How OneLNQ thinks about security and privacy.

This page provides a high-level description of the security practices and design principles behind OneLNQ. It is not a formal audit report, but a transparent overview of how we approach protecting your connection.

1. Encryption

OneLNQ uses modern encryption standards (such as AES-256) to help protect your traffic while it is in transit between your device and our infrastructure. This reduces the risk that your connection can be easily intercepted or read on untrusted networks.

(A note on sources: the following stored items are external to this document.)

context
  fixes FO FM
  assumes F: "strict_monoidal_autofunctor C FO FM"
begin

lemma functor_ob: "A \<in> ob C \<Longrightarrow> FO A \<in> ob C"
  and functor_in_hom: "f \<in> hom C A B \<Longrightarrow> FM f \<in> hom C (FO A) (FO B)"
  and functor_id: "A \<in> ob C \<Longrightarrow> FM (idm C A) = idm C (FO A)"
  and functor_comp: "f \<in> hom C A B \<Longrightarrow> g \<in> hom C B D \<Longrightarrow> FM (cp C g f) = cp C (FM g) (FM f)"
  and functor_unit: "FO (unt C) = unt C"
  and functor_tensor_ob: "A \<in> ob C \<Longrightarrow> B \<in> ob C \<Longrightarrow> FO (tob C A B) = tob C (FO A) (FO B)"
  and functor_tensor: "f \<in> ar C \<Longrightarrow> g \<in> ar C \<Longrightarrow> FM (tar C f g) = tar C (FM f) (FM g)"
  using F unfolding strict_monoidal_autofunctor_def functor_on_def hom_def by auto

lemma functor_iso:
  assumes f: "f \<in> hom C A B" "iso_arr C f"
  shows "iso_arr C (FM f)"
proof (rule iso_arrI)
  note f' = inv_arr_in_hom[OF f]
  have obs: "A \<in> ob C" "B \<in> ob C" using hom_ob f by auto
  show "FM f \<in> hom C (FO A) (FO B)" "FM (inv_arr C f) \<in> hom C (FO B) (FO A)"
    using functor_in_hom f f' by blast+
  show "cp C (FM (inv_arr C f)) (FM f) = idm C (FO A)"
    using functor_comp[OF f(1) f'] inv_arr_comp_left[OF f] functor_id obs by simp
  show "cp C (FM f) (FM (inv_arr C f)) = idm C (FO B)"
    using functor_comp[OF f' f(1)] inv_arr_comp_right[OF f] functor_id obs by simp
qed
(* Let $G=G_1\ast\cdots\ast G_m\ast F_N$ be a countable group ($F_N$ free of finite rank), $\mathcal{F}=\{[G_1],\dots,[G_m]\}$, and $k\ge 1$ an integer. Let $T$ be a small minimal $(G,\mathcal{F})$-tree and $(T_n)_{n\in\mathbb{N}}$ a sequence of $k$-tame $(G,\mathcal{F})$-trees converging to $T$ in the equivariant Gromov–Hausdorff topology. Then $T$ is $k$-tame. (That is, the set of $k$-tame trees is closed in the space of small minimal $(G,\mathcal{F})$-trees.)
   Context: Peripheral: conjugate into some $G_i$. $(G,\mathcal{F})$-tree: $\mathbb{R}$-tree with isometric $G$-action in which every peripheral subgroup fixes a unique point. Small: arc stabilizers trivial or cyclic non-peripheral; minimal: no proper nonempty invariant subtree. $\mathrm{Fix}(g)$ is the fixed point set of $g$. A small minimal $(G,\mathcal{F})$-tree is $k$-tame if for every non-peripheral $g\in G$ and every $l\ge1$, $\mathrm{Fix}(g^l)\subseteq\mathrm{Fix}(g^k)$. Convergence $T_n\to T$ in the equivariant Gromov–Hausdorff topology: for every finite $K\subset T$, finite $P\subset G$, $\epsilon>0$, for all large $n$ there exist finite $K_n\subset T_n$ and $R\subseteq K\times K_n$ with surjective projections such that $|d_T(gx,hy)-d_{T_n}(gx',hy')|<\epsilon$ for all $(x,x'),(y,y')\in R$ and $g,h\in P$. *)

theory Defs
  imports "HOL-Analysis.Analysis" "HOL-Algebra.Generated_Groups"
begin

2. Zero-log approach for traffic content

We follow a strict zero-log approach for traffic content. We do not log the content of your browsing, DNS queries, or the specific services you access while connected through OneLNQ. Limited technical logs may be used to keep the service reliable, but are designed to avoid storing what you are doing online.

3. Infrastructure protections

Our infrastructure is built with multiple layers of security and monitoring. We work with reputable data center and cloud providers that implement strict physical and logical security controls, and we regularly review our configuration to reduce unnecessary exposure.

4. Public Wi-Fi protection

When enabled, OneLNQ can encrypt your connection on untrusted networks such as public Wi-Fi in cafés, airports, or hotels. This helps reduce the risk of eavesdropping or session hijacking when you are connected over shared networks.

5. Responsible disclosure

We welcome security researchers who responsibly report potential vulnerabilities. If you believe you have found a security issue in OneLNQ, please contact us so that we can investigate and address it.

For responsible disclosure, you can reach us at:

security@onelnq.com

6. Ongoing improvements

Security is an ongoing process, not a fixed state. We regularly review and update our infrastructure, software, and internal practices to adapt to new threats and industry best practices.

As OneLNQ grows, we plan to continue improving transparency around our security posture and may publish more detailed technical documentation in the future.

This page is intended to give a plain-language overview of our current security design. It does not replace legal terms or formal audit reports, and may evolve as OneLNQ develops.